*Dataset excerpts*

- - -

(* Let $R\in\mathbb{R}^{m\times N}$, $\lambda\ge 0$, and let $\sigma_1$ be the largest singular value of $R$, with corresponding left singular vector $u^1\in\mathbb{R}^m$ and right singular vector $v_1\in\mathbb{R}^{N}$ (unit vectors with $R v_1=\sigma_1 u^1$). Consider the problem $$\min_{d\in\mathbb{R}^m,\ \|d\|_2=1,\ x\in\mathbb{R}^{1\times N}}\ \frac12\|d\,x-R\|_F^2+\lambda\,\big\|\,\|x\|_2\,\big\|_0 ,$$ where $\|\,\|x\|_2\|_0$ equals $1$ if $x\neq 0$ and $0$ if $x=0$. If $\frac12\|\sigma_1 u^1 v_1^T-R\|_F^2\le\frac12\|R\|_F^2-\lambda$, then $(d,x)=(u^1,\sigma_1 v_1^T)$ is a minimizer. Otherwise, for any $d_0\in\mathbb{R}^m$ with $\|d_0\|_2=1$, the pair $(d_0,0)$ is a minimizer.
   Context: This is the per-atom update of a K-SVD-type dictionary learning scheme with the row-sparsity ($\ell_{2,0}$) penalty counting nonzero rows of the representation matrix, where $R$ is the residual after removing the contribution of the current atom; in the paper $d_0$ is the current (previous) atom. *)

theory Defs
  imports "HOL-Analysis.Analysis"
begin

text \<open>Matrices in R^(m x N) are rendered as real^'N^'m (rows indexed by 'm).
  A row vector x in R^(1 x N) is rendered as real^'N.\<close>

definition frobenius_norm :: "real^'n^'m \<Rightarrow> real" where
  "frobenius_norm A = sqrt (\<Sum>i\<in>UNIV. \<Sum>j\<in>UNIV. (A $ i $ j)^2)"

definition outer_prod :: "real^'m \<Rightarrow> real^'n \<Rightarrow> real^'n^'m" where
  "outer_prod d x = (\<chi> i j. d $ i * x $ j)"

definition singular_triple :: "real^'n^'m \<Rightarrow> real \<Rightarrow> real^'m \<Rightarrow> real^'n \<Rightarrow> bool" where
  "singular_triple R \<sigma> u v \<longleftrightarrow> \<sigma> \<ge> 0 \<and> norm u = 1 \<and> norm v = 1 \<and>
     R *v v = \<sigma> *\<^sub>R u \<and> transpose R *v u = \<sigma> *\<^sub>R v"

definition singular_value :: "real^'n^'m \<Rightarrow> real \<Rightarrow> bool" where
  "singular_value R \<sigma> \<longleftrightarrow> (\<exists>u v. singular_triple R \<sigma> u v)"

definition row_l0 :: "real^'n \<Rightarrow> real" where
  "row_l0 x = (if x = 0 then 0 else 1)"

definition atom_objective :: "real^'n^'m \<Rightarrow> real \<Rightarrow> real^'m \<Rightarrow> real^'n \<Rightarrow> real" where
  "atom_objective R lam d x = (1/2) * (frobenius_norm (outer_prod d x - R))^2 + lam * row_l0 x"

definition is_atom_minimizer :: "real^'n^'m \<Rightarrow> real \<Rightarrow> real^'m \<Rightarrow> real^'n \<Rightarrow> bool" where
  "is_atom_minimizer R lam d x \<longleftrightarrow> norm d = 1 \<and>
     (\<forall>d' x'. norm d' = 1 \<longrightarrow> atom_objective R lam d x \<le> atom_objective R lam d' x')"

end

theory Submission
  imports Defs
begin

text \<open>For a unit vector d, completing the square gives
  \<open>\<parallel>d x - R\<parallel>\<^sub>F\<^sup>2 = \<parallel>x - R\<^sup>T d\<parallel>\<^sup>2 + \<parallel>R\<parallel>\<^sub>F\<^sup>2 - \<parallel>R\<^sup>T d\<parallel>\<^sup>2\<close>.
  A maximizer of \<open>\<parallel>R\<^sup>T d\<parallel>\<close> over the unit sphere is a left singular vector whose singular value
  is that maximum, so \<open>\<parallel>R\<^sup>T d\<parallel> \<le> \<sigma>\<^sub>1\<close>. Hence any pair with \<open>x \<noteq> 0\<close> costs at least
  \<open>(\<parallel>R\<parallel>\<^sub>F\<^sup>2 - \<sigma>\<^sub>1\<^sup>2)/2 + \<lambda>\<close>, and \<open>(u\<^sup>1, \<sigma>\<^sub>1 v\<^sub>1)\<close> costs no more, while \<open>x = 0\<close> costs
  \<open>\<parallel>R\<parallel>\<^sub>F\<^sup>2/2\<close>; the minimizer is the cheaper of the two.\<close>

lemma inner_matrix_vector_transpose:
  fixes M :: "real^'n^'m"
  shows "(M *v x) \<bullet> y = x \<bullet> (transpose M *v y)"
  by (metis dot_lmul_matrix vector_transpose_matrix)

lemma frobenius_norm_eq_norm: "frobenius_norm A = norm A"
  unfolding frobenius_norm_def norm_vec_def L2_set_def
  by (simp add: sum_nonneg)

lemma inner_outer_prod: "outer_prod d x \<bullet> A = d \<bullet> (A *v x)"
  unfolding outer_prod_def inner_vec_def matrix_vector_mult_def
  by (simp add: sum_distrib_left mult_ac)

lemma norm_outer_prod: "norm (outer_prod d x) = norm d * norm x"
proof -
  have "(norm (outer_prod d x))\<^sup>2 = (norm d * norm x)\<^sup>2"
    unfolding power2_norm_eq_inner power_mult_distrib inner_outer_prod
    unfolding outer_prod_def inner_vec_def matrix_vector_mult_def
    by (simp add: sum_distrib_left sum_distrib_right mult_ac)
  then show ?thesis by simp
qed

lemma frobenius_norm_outer_prod_diff:
  fixes R :: "real^'n^'m"
  assumes "norm d = 1"
  shows "(frobenius_norm (outer_prod d x - R))\<^sup>2
           = (norm (x - transpose R *v d))\<^sup>2 + (frobenius_norm R)\<^sup>2 - (norm (transpose R *v d))\<^sup>2"
proof -
  have "outer_prod d x \<bullet> R = x \<bullet> (transpose R *v d)"
    by (metis inner_commute inner_outer_prod inner_matrix_vector_transpose)
  moreover have "outer_prod d x \<bullet> outer_prod d x = x \<bullet> x"
    using norm_outer_prod[of d x] assms by (simp flip: power2_norm_eq_inner)
  ultimately show ?thesis
    unfolding frobenius_norm_eq_norm power2_norm_eq_inner
    by (simp add: inner_diff_left inner_diff_right inner_commute)
qed

lemma norm_matrix_vector_attains_max:
  fixes A :: "real^'n^'m"
  obtains d where "norm d = 1" "\<And>w. norm (A *v w) \<le> norm (A *v d) * norm w"
proof -
  have "continuous_on (sphere 0 1) (\<lambda>w. norm (A *v w))"
    by (intro continuous_on_norm linear_continuous_on matrix_vector_mul_bounded_linear)
  moreover have "sphere (0::real^'n) 1 \<noteq> {}"
    by simp
  ultimately obtain d where d: "norm d = 1" "\<And>w. norm w = 1 \<Longrightarrow> norm (A *v w) \<le> norm (A *v d)"
    using continuous_attains_sup[OF compact_sphere] by (metis mem_sphere_0)
  have "norm (A *v w) \<le> norm (A *v d) * norm w" for w
  proof (cases "w = 0")
    case False
    then have "norm (A *v (w /\<^sub>R norm w)) \<le> norm (A *v d)"
      by (intro d(2)) simp
    then show ?thesis
      using False by (simp add: matrix_vector_mult_scaleR field_simps)
  qed simp
  with d(1) show thesis by (rule that)
qed

lemma maximizing_direction_is_eigenvector:
  fixes A :: "real^'n^'m"
  assumes d: "norm d = 1" and max: "\<And>w. norm (A *v w) \<le> norm (A *v d) * norm w"
  shows "transpose A *v (A *v d) = (norm (A *v d))\<^sup>2 *\<^sub>R d"
proof -
  define s where "s = norm (A *v d)"
  define b where "b = transpose A *v (A *v d)"
  have "d \<bullet> d = 1"
    using d by (simp flip: power2_norm_eq_inner)
  have bd: "b \<bullet> d = s\<^sup>2"
    by (metis b_def s_def inner_commute inner_matrix_vector_transpose power2_norm_eq_inner)
  have "(norm b)\<^sup>2 = (A *v d) \<bullet> (A *v b)"
    by (metis b_def power2_norm_eq_inner inner_matrix_vector_transpose transpose_transpose)
  also have "\<dots> \<le> s * norm (A *v b)"
    unfolding s_def by (rule norm_cauchy_schwarz)
  also have "\<dots> \<le> s * (s * norm b)"
    using max[of b] by (simp add: s_def mult_left_mono)
  finally have "norm b * norm b \<le> s\<^sup>2 * norm b"
    by (simp add: power2_eq_square mult.assoc)
  then have "norm b \<le> s\<^sup>2"
    by (cases "b = 0") (simp_all add: mult_le_cancel_right)
  then have "(norm b)\<^sup>2 \<le> (s\<^sup>2)\<^sup>2"
    by (rule power_mono) simp
  \<comment> \<open>with \<open>b \<bullet> d = s\<^sup>2\<close> this is the equality case of Cauchy-Schwarz\<close>
  then have "(norm (b - s\<^sup>2 *\<^sub>R d))\<^sup>2 \<le> 0"
    using bd \<open>d \<bullet> d = 1\<close> unfolding power2_norm_eq_inner
    by (simp add: inner_diff_left inner_diff_right inner_commute power2_eq_square)
  then show ?thesis
    by (simp add: b_def s_def)
qed

lemma singular_value_maximizing_direction:
  fixes R :: "real^'n^'m"
  assumes d: "norm d = 1" and max: "\<And>w. norm (transpose R *v w) \<le> norm (transpose R *v d) * norm w"
  shows "singular_value R (norm (transpose R *v d))"
proof (cases "transpose R *v d = 0")
  case True
  \<comment> \<open>then \<open>R = 0\<close>, and any unit vector is a right singular vector for 0\<close>
  then have "transpose R *v w = 0" for w
    using max[of w] by simp
  then have "(norm (R *v axis i 1))\<^sup>2 = 0" for i
    by (simp add: power2_norm_eq_inner inner_matrix_vector_transpose)
  then have "singular_triple R 0 d (axis i 1)" for i
    using d \<open>transpose R *v d = 0\<close> by (simp add: singular_triple_def)
  with True show ?thesis
    unfolding singular_value_def by auto
next
  case False
  define s where "s = norm (transpose R *v d)"
  have "s > 0"
    using False by (simp add: s_def)
  have "R *v (transpose R *v d) = s\<^sup>2 *\<^sub>R d"
    using maximizing_direction_is_eigenvector[of d "transpose R"] d max
    by (simp add: s_def)
  then have "singular_triple R s d (transpose R *v d /\<^sub>R s)"
    using d \<open>s > 0\<close>
    by (simp add: singular_triple_def matrix_vector_mult_scaleR s_def power2_eq_square)
  then show ?thesis
    unfolding singular_value_def s_def by blast
qed

lemma norm_transpose_mult_le_largest_singular_value:
  fixes R :: "real^'n^'m"
  assumes largest: "\<forall>\<sigma>. singular_value R \<sigma> \<longrightarrow> \<sigma> \<le> \<sigma>\<^sub>1" and "norm d = 1"
  shows "norm (transpose R *v d) \<le> \<sigma>\<^sub>1"
proof -
  obtain d' where "norm d' = 1" and max: "\<And>w. norm (transpose R *v w) \<le> norm (transpose R *v d') * norm w"
    using norm_matrix_vector_attains_max[of "transpose R"] by blast
  have "norm (transpose R *v d) \<le> norm (transpose R *v d')"
    using max[of d] \<open>norm d = 1\<close> by simp
  also have "\<dots> \<le> \<sigma>\<^sub>1"
    using largest singular_value_maximizing_direction[OF \<open>norm d' = 1\<close> max] by blast
  finally show ?thesis .
qed

lemma outer_prod_zero_right [simp]: "outer_prod d 0 = 0"
  by (simp add: outer_prod_def vec_eq_iff)

lemma scaleR_outer_prod_right: "c *\<^sub>R outer_prod d x = outer_prod d (c *\<^sub>R x)"
  by (simp add: outer_prod_def vec_eq_iff)

lemma atom_objective_zero: "atom_objective R lam d 0 = (frobenius_norm R)\<^sup>2 / 2"
  by (simp add: atom_objective_def row_l0_def frobenius_norm_eq_norm)

lemma atom_objective_lower_bound:
  fixes R :: "real^'n^'m"
  assumes "norm d = 1" and "norm (transpose R *v d) \<le> \<sigma>"
  shows "min ((frobenius_norm R)\<^sup>2 / 2) (((frobenius_norm R)\<^sup>2 - \<sigma>\<^sup>2) / 2 + lam)
           \<le> atom_objective R lam d x"
proof (cases "x = 0")
  case False
  have "(norm (transpose R *v d))\<^sup>2 \<le> \<sigma>\<^sup>2"
    using assms(2) by (simp add: power_mono)
  then have "(frobenius_norm R)\<^sup>2 - \<sigma>\<^sup>2 \<le> (frobenius_norm (outer_prod d x - R))\<^sup>2"
    unfolding frobenius_norm_outer_prod_diff[OF assms(1)]
    using zero_le_power2[of "norm (x - transpose R *v d)"] by linarith
  with False show ?thesis
    by (simp add: atom_objective_def row_l0_def min_le_iff_disj)
qed (metis atom_objective_zero min.cobounded1)

lemma frobenius_norm_singular_residual:
  assumes "singular_triple R \<sigma> u v"
  shows "(frobenius_norm (\<sigma> *\<^sub>R outer_prod u v - R))\<^sup>2 = (frobenius_norm R)\<^sup>2 - \<sigma>\<^sup>2"
  using assms unfolding singular_triple_def scaleR_outer_prod_right
  by (simp add: frobenius_norm_outer_prod_diff)

lemma atom_objective_singular_pair_le:
  assumes "lam \<ge> 0" and "singular_triple R \<sigma> u v"
  shows "atom_objective R lam u (\<sigma> *\<^sub>R v) \<le> ((frobenius_norm R)\<^sup>2 - \<sigma>\<^sup>2) / 2 + lam"
  using assms frobenius_norm_singular_residual[OF assms(2)]
  by (simp add: atom_objective_def row_l0_def scaleR_outer_prod_right)

theorem proposition3:
  fixes R :: "real^'N^'m" and lam \<sigma>\<^sub>1 :: real and u1 :: "real^'m" and v1 :: "real^'N"
  assumes "lam \<ge> 0"
    and "singular_triple R \<sigma>\<^sub>1 u1 v1"
    and "\<forall>\<sigma>. singular_value R \<sigma> \<longrightarrow> \<sigma> \<le> \<sigma>\<^sub>1"
  shows "((1/2) * (frobenius_norm (\<sigma>\<^sub>1 *\<^sub>R outer_prod u1 v1 - R))^2
            \<le> (1/2) * (frobenius_norm R)^2 - lam
          \<longrightarrow> is_atom_minimizer R lam u1 (\<sigma>\<^sub>1 *\<^sub>R v1))
       \<and> (\<not> ((1/2) * (frobenius_norm (\<sigma>\<^sub>1 *\<^sub>R outer_prod u1 v1 - R))^2
            \<le> (1/2) * (frobenius_norm R)^2 - lam)
          \<longrightarrow> (\<forall>d0 :: real^'m. norm d0 = 1 \<longrightarrow> is_atom_minimizer R lam d0 0))"
proof -
  define F where "F = frobenius_norm R"
  have lower: "min (F\<^sup>2 / 2) ((F\<^sup>2 - \<sigma>\<^sub>1\<^sup>2) / 2 + lam) \<le> atom_objective R lam d x"
    if "norm d = 1" for d x
    unfolding F_def using that
    by (intro atom_objective_lower_bound norm_transpose_mult_le_largest_singular_value assms(3))
  have "norm u1 = 1"
    using assms(2) by (simp add: singular_triple_def)
  have value_u1: "atom_objective R lam u1 (\<sigma>\<^sub>1 *\<^sub>R v1) \<le> (F\<^sup>2 - \<sigma>\<^sub>1\<^sup>2) / 2 + lam"
    unfolding F_def using assms(1,2) by (rule atom_objective_singular_pair_le)
  have value_zero: "atom_objective R lam d0 0 = F\<^sup>2 / 2" for d0 :: "real^'m"
    unfolding F_def by (rule atom_objective_zero)
  show ?thesis
    unfolding frobenius_norm_singular_residual[OF assms(2)] F_def[symmetric]
  proof (intro conjI impI allI)
    assume "1/2 * (F\<^sup>2 - \<sigma>\<^sub>1\<^sup>2) \<le> 1/2 * F\<^sup>2 - lam"
    then have "min (F\<^sup>2 / 2) ((F\<^sup>2 - \<sigma>\<^sub>1\<^sup>2) / 2 + lam) = (F\<^sup>2 - \<sigma>\<^sub>1\<^sup>2) / 2 + lam"
      by (intro min_absorb2) linarith
    then show "is_atom_minimizer R lam u1 (\<sigma>\<^sub>1 *\<^sub>R v1)"
      unfolding is_atom_minimizer_def using \<open>norm u1 = 1\<close> value_u1 lower by (metis order.trans)
  next
    fix d0 :: "real^'m"
    assume "\<not> 1/2 * (F\<^sup>2 - \<sigma>\<^sub>1\<^sup>2) \<le> 1/2 * F\<^sup>2 - lam" and "norm d0 = 1"
    then have "min (F\<^sup>2 / 2) ((F\<^sup>2 - \<sigma>\<^sub>1\<^sup>2) / 2 + lam) = F\<^sup>2 / 2"
      by (intro min_absorb1) linarith
    then show "is_atom_minimizer R lam d0 0"
      unfolding is_atom_minimizer_def using \<open>norm d0 = 1\<close> value_zero lower by metis
  qed
qed

end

- - -

*Exercise brief*
Using the entries shown above, reproduce verbatim the lines from the line bearing "qed (metis atom_objective_zero" to the line bearing "by (simp add: frobenius_norm_outer_prod_diff)", inclusive.

*The answer*
qed (metis atom_objective_zero min.cobounded1)

lemma frobenius_norm_singular_residual:
  assumes "singular_triple R \<sigma> u v"
  shows "(frobenius_norm (\<sigma> *\<^sub>R outer_prod u v - R))\<^sup>2 = (frobenius_norm R)\<^sup>2 - \<sigma>\<^sup>2"
  using assms unfolding singular_triple_def scaleR_outer_prod_right
  by (simp add: frobenius_norm_outer_prod_diff)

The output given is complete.